Yes, Father, Jesus keeps walking, carrying his cross and suffering in all these faces, while an uncaring world is caught up in the drama of its own frivolity.
And we, Lord, what are we to do?
How are we to react to Jesus as he suffers, travels, emigrates in the faces of many our friends, or of all those strangers that we have learned to make invisible?
And we, Father of mercy,
do we console and accompany the Lord, helpless and suffering in the poorest and most abandoned of our brothers and sisters?
do we help carry the burden of the cross, like Simon of Cyrene, by being peacemakers, builders of bridges, a leaven of fraternity?
do we remain, like Mary, at the foot of the cross?

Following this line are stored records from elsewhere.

lemma gen_relator3:
  "relator k (pos [a, b, c]) (pos [d, f, h]) \<Longrightarrow>
     gen k a \<diamondop> gen k b \<diamondop> gen k c = gen k d \<diamondop> gen k f \<diamondop> gen k h"
  using weq.weq_rel[of k "pos [a, b, c]" "pos [d, f, h]" "[]" "[]"]
  by (simp add: gen_def VSPG_mult_wclass pos_def wclass_eq_iff)

lemma conj_elt_Nil: "conj_elt k x [] = gen k x"
  by (simp add: conj_elt_def gen_def)

lemma letter_conj_conj_elt:
  "valid_gen k (fst l) \<Longrightarrow> wclass k [l] \<diamondop> conj_elt k x w \<diamondop> ginv (wclass k [l]) = conj_elt k x (w @ [flip l])"
  using VSPG_inv_wclass[of k "[l]"] by (simp add: conj_elt_def VSPG_mult_wclass)

lemma conj_in_H_iff:
  assumes "valid_gen k g"
  shows "conj_in_H x g \<longleftrightarrow> (\<forall>b. conj_elt k x [(g, b)] \<in> H)"
proof -
  have "ginv (gen k g) = wclass k [(g, False)]"
    using assms VSPG_inv_wclass[of k "[(g, True)]"] by (simp add: gen_def flip_def)
  then have "ginv (gen k g) \<diamondop> gen k x \<diamondop> gen k g = conj_elt k x [(g, True)]"
    "gen k g \<diamondop> gen k x \<diamondop> ginv (gen k g) = conj_elt k x [(g, False)]"
    by (simp_all add: conj_elt_def gen_def VSPG_mult_wclass flip_def)
  then show ?thesis unfolding conjugates_in_def by (metis (full_types))
qed

lemma letter_conj_gen_in_H:
  assumes "valid_gen k (fst l)" "conj_in_H x (fst l)"
  shows "wclass k [l] \<diamondop> gen k x \<diamondop> ginv (wclass k [l]) \<in> H"
  using assms letter_conj_conj_elt[of l x "[]"] conj_in_H_iff[of "fst l" x]
  by (simp add: conj_elt_Nil flip_def)

lemma red_pows_subset_generators:
  assumes "1 \<le> j" "j < k"
  shows "red_pow_mu k j \<subseteq> VS_star_generators k" "red_pow_ga k (Ga k j) j \<subseteq> VS_star_generators k"
    "red_pow_ga k (Ga j k) j \<subseteq> VS_star_generators k"
  using assms unfolding VS_star_generators_def by fastforce+

lemma VS_star_generators_cases:
  assumes "s \<in> VS_star_generators k"
  obtains (upper) j where "1 \<le> j" "j < k" "s = gen k (Mu j k)"
  | (red_pow) j x P where "1 \<le> j" "j < k" "x \<in> upper_gens k j" "s \<in> red_pow k x P"
      "red_pow k x P \<subseteq> VS_star_generators k"
proof -
  note sub = red_pows_subset_generators
  from assms consider (a) j where "1 \<le> j" "j < k" "s = gen k (Mu j k)"
    | (b) j where "1 \<le> j" "j < k" "s \<in> red_pow_mu k j"
    | (c) j where "1 \<le> j" "j < k" "s \<in> red_pow_ga k (Ga k j) j"
    | (d) j where "1 \<le> j" "j < k" "s \<in> red_pow_ga k (Ga j k) j"
    unfolding VS_star_generators_def gen_def by fastforce
  then show ?thesis
  proof cases
    case (b j)
    show ?thesis
      by (rule red_pow[OF b(1,2) _ b(3)[unfolded red_pow_mu_eq] sub(1)[OF b(1,2), unfolded red_pow_mu_eq]])
        (simp add: upper_gens_def)
  next
    case (c j)
    show ?thesis
      by (rule red_pow[OF c(1,2) _ c(3)[unfolded red_pow_ga_eq] sub(2)[OF c(1,2), unfolded red_pow_ga_eq]])
        (simp add: upper_gens_def)
  next
    case (d j)
    show ?thesis
      by (rule red_pow[OF d(1,2) _ d(3)[unfolded red_pow_ga_eq] sub(3)[OF d(1,2), unfolded red_pow_ga_eq]])
        (simp add: upper_gens_def)
  qed (rule upper)
qed

lemma VS_star_generators_carrier: "VS_star_generators k \<subseteq> carrier (VSPG k)"
proof
  fix s assume "s \<in> VS_star_generators k"
  then show "s \<in> carrier (VSPG k)"
  proof (cases rule: VS_star_generators_cases)
    case (red_pow j x P)
    then obtain w where "s = conj_elt k x w" "valid_word k w"
      unfolding red_pow_def using valid_word_mono[of "k - 1" k] by auto
    moreover have "valid_gen k x" using red_pow by (auto simp: upper_gens_def)
    ultimately show ?thesis unfolding conj_elt_def by (simp add: wclass_in_carrier)
  qed simp
qed

lemma H_subgroup: "subgroup H (VSPG k)"
  by (rule G.generate_is_subgroup[OF VS_star_generators_carrier])

lemma generators_in_H: "VS_star_generators k \<subseteq> H"
  by (rule subsetI, rule generate.incl)

lemma red_pows_in_H:
  assumes "1 \<le> j" "j < k"
  shows "red_pow_mu k j \<subseteq> H" "red_pow_ga k (Ga k j) j \<subseteq> H" "red_pow_ga k (Ga j k) j \<subseteq> H"
  using red_pows_subset_generators[OF assms] generators_in_H by (auto dest: subset_trans)

lemma upper_gens_in_H:
  assumes "1 \<le> j" "j < k" "x \<in> upper_gens k j"
  shows "gen k x \<in> H"
proof -
  have "gen k (Mu j k) \<in> VS_star_generators k"
    using assms unfolding VS_star_generators_def gen_def by auto
  moreover have "gen k x \<in> red_pow k x P" for P
    unfolding red_pow_def conj_elt_Nil[symmetric] by blast
  ultimately show ?thesis
    using assms(3) red_pows_in_H[OF assms(1,2)] generators_in_H
    unfolding upper_gens_def red_pow_mu_eq red_pow_ga_eq by blast
qed

lemma conj_in_H_of_red_pow:
  assumes "red_pow k x P \<subseteq> H" "P g" "valid_gen (k - 1) g"
  shows "conj_in_H x g"
proof -
  have "conj_elt k x [(g, b)] \<in> red_pow k x P" for b
    using assms(2,3) unfolding red_pow_def reduced_def valid_word_def by auto
  then show ?thesis
    using assms conj_in_H_iff[of g x] valid_gen_mono[of "k - 1" k g] by auto
qed

lemma conj_in_H_mu:
  assumes "1 \<le> j" "j < k" "1 \<le> i" "i < k" "i \<noteq> j" "g \<in> {Mu i j, Ga i j}"
  shows "conj_in_H (Mu k j) g"
  using assms red_pows_in_H(1)[OF assms(1,2)]
  by (intro conj_in_H_of_red_pow[where P = "\<lambda>g. \<exists>i. 1 \<le> i \<and> i \<le> k - 1 \<and> i \<noteq> j \<and> g \<in> {Mu i j, Ga i j}"])
    (auto simp: red_pow_mu_eq)

lemma conj_in_H_ga:
  assumes "1 \<le> j" "j < k" "1 \<le> i" "i < k" "i \<noteq> j" "g \<in> {Ga i j, Ga j i}"
    and "x \<in> {Ga k j, Ga j k}"
  shows "conj_in_H x g"
  using assms red_pows_in_H(2,3)[OF assms(1,2)]
  by (intro conj_in_H_of_red_pow[where P = "\<lambda>g. \<exists>i. 1 \<le> i \<and> i \<le> k - 1 \<and> i \<noteq> j \<and> g \<in> {Ga i j, Ga j i}"])
    (auto simp: red_pow_ga_eq)

lemma conj_in_H_Mu_jk_of_r4:
  assumes "1 \<le> j" "j < k" "valid_gen k g"
    and "conj_in_H (Ga j k) g" "conj_in_H (Mu k j) g" "conj_in_H (Ga k j) g"
  shows "conj_in_H (Mu j k) g"
proof (rule G.conjugates_in_of_mult_eq[OF H_subgroup, where u = "gen k (Ga j k)"
      and v = "gen k (Mu k j)" and z = "gen k (Ga k j)"])
  show "gen k (Mu j k) \<diamondop> gen k (Ga k j) = gen k (Ga j k) \<diamondop> gen k (Mu k j)"
    by (rule gen_relator2, rule relator.r4) (use assms in auto)
qed (use assms in auto)

lemma conj_in_H_by_Mu_ja:
  assumes j: "1 \<le> j" "j < k" and a: "1 \<le> a" "a < k" "a \<noteq> j" and x: "x \<in> upper_gens k j"
  shows "conj_in_H x (Mu j a)"
proof -
  have y: "conj_in_H (Mu k a) (Mu j a)" by (rule conj_in_H_mu) (use j a in auto)
  have in_H: "gen k y \<in> H" if "y \<in> upper_gens k j \<union> upper_gens k a" for y
    using that upper_gens_in_H j a by blast
  have "conj_in_H (Mu k j) (Mu j a)"
  proof (rule G.conjugates_in_of_braid_outer[OF H_subgroup, where y = "gen k (Mu k a)"])
    show "gen k (Mu k j) \<diamondop> gen k (Mu k a) \<diamondop> gen k (Mu j a)
        = gen k (Mu j a) \<diamondop> gen k (Mu k a) \<diamondop> gen k (Mu k j)"
      by (rule gen_relator3, rule relator.r1) (use j a in auto)
  qed (use j a y in_H in \<open>auto simp: upper_gens_def\<close>)
  moreover have "conj_in_H (Ga k j) (Mu j a)"
  proof (rule G.conjugates_in_of_braid_outer[OF H_subgroup, where y = "gen k (Mu k a)"])
    show "gen k (Ga k j) \<diamondop> gen k (Mu k a) \<diamondop> gen k (Mu j a)
        = gen k (Mu j a) \<diamondop> gen k (Mu k a) \<diamondop> gen k (Ga k j)"
      by (rule gen_relator3, rule relator.r3) (use j a in auto)
  qed (use j a y in_H in \<open>auto simp: upper_gens_def\<close>)
  moreover have "conj_in_H (Ga j k) (Mu j a)"
  proof (rule G.conjugates_in_of_braid_middle[OF H_subgroup, where y = "gen k (Mu k a)"])
    show "gen k (Ga j k) \<diamondop> gen k (Mu j a) \<diamondop> gen k (Mu k a)
        = gen k (Mu k a) \<diamondop> gen k (Mu j a) \<diamondop> gen k (Ga j k)"
      by (rule gen_relator3, rule relator.r3) (use j a in auto)
  qed (use j a y in_H in \<open>auto simp: upper_gens_def\<close>)
  moreover have "conj_in_H (Mu j k) (Mu j a)"
  proof (rule G.conjugates_in_of_braid_middle[OF H_subgroup, where y = "gen k (Mu k a)"])
    show "gen k (Mu j k) \<diamondop> gen k (Mu j a) \<diamondop> gen k (Mu k a)
        = gen k (Mu k a) \<diamondop> gen k (Mu j a) \<diamondop> gen k (Mu j k)"
      by (rule gen_relator3, rule relator.r1) (use j a in auto)
  qed (use j a y in_H in \<open>auto simp: upper_gens_def\<close>)
  ultimately show ?thesis using x unfolding upper_gens_def by blast
qed

lemma conj_in_H_by_Ga_ja:
  assumes j: "1 \<le> j" "j < k" and a: "1 \<le> a" "a < k" "a \<noteq> j" and x: "x \<in> upper_gens k j"
  shows "conj_in_H x (Ga j a)"
proof -
  have mu: "conj_in_H (Mu k j) (Ga j a)"
  proof (rule G.conjugates_in_of_braid_outer[OF H_subgroup, where y = "gen k (Mu k a)"])
    show "gen k (Mu k j) \<diamondop> gen k (Mu k a) \<diamondop> gen k (Ga j a)
        = gen k (Ga j a) \<diamondop> gen k (Mu k a) \<diamondop> gen k (Mu k j)"
      by (rule gen_relator3, rule relator.r2) (use j a in auto)
    show "conj_in_H (Mu k a) (Ga j a)" by (rule conj_in_H_mu) (use j a in auto)
  qed (use j a upper_gens_in_H in \<open>auto simp: upper_gens_def\<close>)
  have ga: "conj_in_H y (Ga j a)" if "y \<in> {Ga k j, Ga j k}" for y
    by (rule conj_in_H_ga[of j a]) (use j a that in auto)
  have "conj_in_H (Mu j k) (Ga j a)"
    by (rule conj_in_H_Mu_jk_of_r4) (use j a mu ga in auto)
  then show ?thesis using x mu ga unfolding upper_gens_def by blast
qed

lemma conj_in_H_by_Mu_aj:
  assumes j: "1 \<le> j" "j < k" and a: "1 \<le> a" "a < k" "a \<noteq> j" and x: "x \<in> upper_gens k j"
  shows "conj_in_H x (Mu a j)"
proof -
  have y: "conj_in_H (Mu a k) (Mu a j)"
    by (rule conj_in_H_by_Mu_ja) (use j a in \<open>auto simp: upper_gens_def\<close>)
  have in_H: "gen k (Mu a k) \<in> H" "gen k x \<in> H"
    using upper_gens_in_H a j x by (auto simp: upper_gens_def)
  have "conj_in_H (Mu k j) (Mu a j)" by (rule conj_in_H_mu) (use j a in auto)
  moreover have "conj_in_H (Ga k j) (Mu a j)"
  proof (rule G.conjugates_in_of_braid_middle[OF H_subgroup, where y = "gen k (Mu a k)"])
    show "gen k (Ga k j) \<diamondop> gen k (Mu a j) \<diamondop> gen k (Mu a k)
        = gen k (Mu a k) \<diamondop> gen k (Mu a j) \<diamondop> gen k (Ga k j)"
      by (rule gen_relator3[symmetric], rule relator.r2) (use j a in auto)
  qed (use j a y in_H upper_gens_in_H in \<open>auto simp: upper_gens_def\<close>)
  moreover have "conj_in_H (Ga j k) (Mu a j)"
  proof (rule G.conjugates_in_of_braid_outer[OF H_subgroup, where y = "gen k (Mu a k)"])
    show "gen k (Ga j k) \<diamondop> gen k (Mu a k) \<diamondop> gen k (Mu a j)
        = gen k (Mu a j) \<diamondop> gen k (Mu a k) \<diamondop> gen k (Ga j k)"
      by (rule gen_relator3[symmetric], rule relator.r2) (use j a in auto)
  qed (use j a y in_H upper_gens_in_H in \<open>auto simp: upper_gens_def\<close>)
  moreover have "conj_in_H (Mu j k) (Mu a j)"
  proof (rule G.conjugates_in_of_braid_outer[OF H_subgroup, where y = "gen k (Mu a k)"])
    show "gen k (Mu j k) \<diamondop> gen k (Mu a k) \<diamondop> gen k (Mu a j)
        = gen k (Mu a j) \<diamondop> gen k (Mu a k) \<diamondop> gen k (Mu j k)"
      by (rule gen_relator3[symmetric], rule relator.r1) (use j a in auto)
  qed (use j a y in_H upper_gens_in_H in \<open>auto simp: upper_gens_def\<close>)
  ultimately show ?thesis using x unfolding upper_gens_def by blast
qed

lemma conj_in_H_by_Ga_aj:
  assumes j: "1 \<le> j" "j < k" and a: "1 \<le> a" "a < k" "a \<noteq> j" and x: "x \<in> upper_gens k j"
  shows "conj_in_H x (Ga a j)"
proof -
  have mu: "conj_in_H (Mu k j) (Ga a j)" by (rule conj_in_H_mu) (use j a in auto)
  have ga: "conj_in_H y (Ga a j)" if "y \<in> {Ga k j, Ga j k}" for y
    by (rule conj_in_H_ga[of j a]) (use j a that in auto)
  have "conj_in_H (Mu j k) (Ga a j)"
    by (rule conj_in_H_Mu_jk_of_r4) (use j a mu ga in auto)
  then show ?thesis using x mu ga unfolding upper_gens_def by blast
qed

Let us look to Mary, woman of strength.  From her let us learn how to stand beneath the cross with her same determination and courage, without evasions or illusions.  She accompanied the suffering of her Son, your Son; she supported him by her gaze and protected him with her heart.  She shared his suffering, yet was not overwhelmed by it.  She was the woman of strength who uttered her “yes”, who supports and accompanies, protects and embraces.  She is the great guardian of hope.
We too want to be a Church that supports and accompanies, that is able to say, “Here I am!” in the lives and amid the crosses of all those Christs who walk by our side.
From Mary we learn how to say “yes” to the patience and perseverance of the many mothers, fathers and grandparents who never cease to support and accompany their children and grandchildren in trouble.
From her we learn how to say “yes” to the stubborn endurance and creativity of those who, undaunted, are ready to start over again in situations where everything appears to be lost, in an effort to create spaces, homes and centres of care that can be an outstretched hand to all those in difficulty.
In Mary, we learn the strength to be able to say “yes” to those who have refused to remain silent in the face of a culture of mistreatment and abuse, disparagement and aggression, and who work to provide opportunities and to create an atmosphere of safety and protection.
In Mary, we learn how to welcome and take in all those abandoned, and forced to leave or lose their land, their roots, their families and their work.
Like Mary, we want to be a Church that fosters a culture that welcomes, protects, promotes and integrates; that does not stigmatize, much less indulge in a senseless and irresponsible condemnation of every immigrant as a threat to society.
From her we want to learn to stand beneath the cross, not with hearts tightly shut, but with hearts that can accompany, that feel tenderness and devotion, that show mercy and treat others with respect, sensitivity and understanding.  We want to be a Church of memory, which appreciates and respects the elderly and gives them their rightful place.
Like Mary we want to learn what it means to “stand”.
Lord, teach us to stand, at the foot of the cross, at the foot of every cross.  Open our eyes and hearts this night, and rescue us from paralysis and uncertainty, from fear and desperation.  Teach us to say: Here I stand, alongside your Son, alongside Mary and all those beloved disciples who desire to welcome your Kingdom into their heart.